A Plörer1, N Sepp, E Schmutzhard, S Krabichler, S Trobos, G Schauer, C Pahl, G Stöffler, P Fritsch.   

Abstract

Eighty-two patients who were treated at the Department of Dermatology, Innsbruck, Austria, from 1980 to 1987 for cutaneous manifestations of Lyme disease were subjected to a clinical follow-up investigation aimed at detecting dermatologic, neurologic, and internal late complications of borreliosis. Only 54 of these patients had received adequate antibiotic treatment according to current standards. Also, their sera were investigated for the presence of immunoglobulin G (IgG) and IgM Borrelia burgdorferi antibodies by an indirect immunofluorescence assay, three different enzyme-linked immunosorbent assays, and immunoblotting. As a control, the sera of 126 healthy blood donors were investigated with the same assays. Results showed no unambiguous clinical late complications of Lyme borreliosis, even in inadequately treated or untreated patients.
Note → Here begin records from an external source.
lemma
  fixes f g :: "nat \<Rightarrow> real"
  assumes "integrable M (\<lambda>\<omega>. f (Y1 \<omega>))" "integrable M (\<lambda>\<omega>. g (Y2 \<omega>))"
  shows integrable_indep_mult: "integrable M (\<lambda>\<omega>. f (Y1 \<omega>) * g (Y2 \<omega>))"
    and expectation_indep_mult:
      "expectation (\<lambda>\<omega>. f (Y1 \<omega>) * g (Y2 \<omega>)) = expectation (\<lambda>\<omega>. f (Y1 \<omega>)) * expectation (\<lambda>\<omega>. g (Y2 \<omega>))"
proof -
  have "indep_var borel (f \<circ> Y1) borel (g \<circ> Y2)"
    by (rule indep_var_compose[OF indep]) simp_all
  then show "integrable M (\<lambda>\<omega>. f (Y1 \<omega>) * g (Y2 \<omega>))"
    and "expectation (\<lambda>\<omega>. f (Y1 \<omega>) * g (Y2 \<omega>)) = expectation (\<lambda>\<omega>. f (Y1 \<omega>)) * expectation (\<lambda>\<omega>. g (Y2 \<omega>))"
    using assms by (simp_all add: comp_def indep_var_integrable indep_var_lebesgue_integral)
qed

lemmas charlier_moments =
  Y1.integrable_charlier1 Y1.integrable_charlier2 Y1.integrable_charlier1_sq
  Y1.integrable_charlier2_mult_charlier1 Y1.integrable_charlier2_sq
  Y2.integrable_charlier1 Y2.integrable_charlier2 Y2.integrable_charlier1_sq
  Y2.integrable_charlier2_mult_charlier1 Y2.integrable_charlier2_sq
  Y1.expectation_charlier1 Y1.expectation_charlier2 Y1.expectation_charlier1_sq
  Y1.expectation_charlier2_mult_charlier1 Y1.expectation_charlier2_sq
  Y2.expectation_charlier1 Y2.expectation_charlier2 Y2.expectation_charlier1_sq
  Y2.expectation_charlier2_mult_charlier1 Y2.expectation_charlier2_sq

lemma
  shows integrable_G: "integrable M G"
    and expectation_G: "expectation G = 0"
proof -
  note prod = integrable_indep_mult[of "\<lambda>j. charlier1 l1 (real j)" "\<lambda>j. charlier1 l2 (real j)"]
    expectation_indep_mult[of "\<lambda>j. charlier1 l1 (real j)" "\<lambda>j. charlier1 l2 (real j)"]
  show "integrable M G" unfolding charlier_form_def
    using prod charlier_moments by simp
  show "expectation G = 0" unfolding charlier_form_def
    using prod charlier_moments by simp
qed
Seropositivity varied considerably according to the assay used; the indirect immunofluorescence assay yielded the highest scores. The proportion of seropositive results (immunofluorescence assay) was 59% in patients with erythema chronicum migrans, 69% in those with lymphocytoma cutis, and 100% in those with acrodermatitis chronica atrophicans (overall 63%); in contrast, only 31% of the blood donor control group were found to be seropositive. Seropositivity did not correlate with adequacy of treatment, interval between onset of symptoms and treatment, time span since treatment, age of patients, and presence of antinuclear antibodies. Immunoblot pattern showed high incidence of antibodies against the 29/31-kD (outer surface proteins OspA and OspB) and 55/58-kD antigens in general and against the 41-kD protein (flagellin) in patients with acrodermatitis chronica atrophicans only.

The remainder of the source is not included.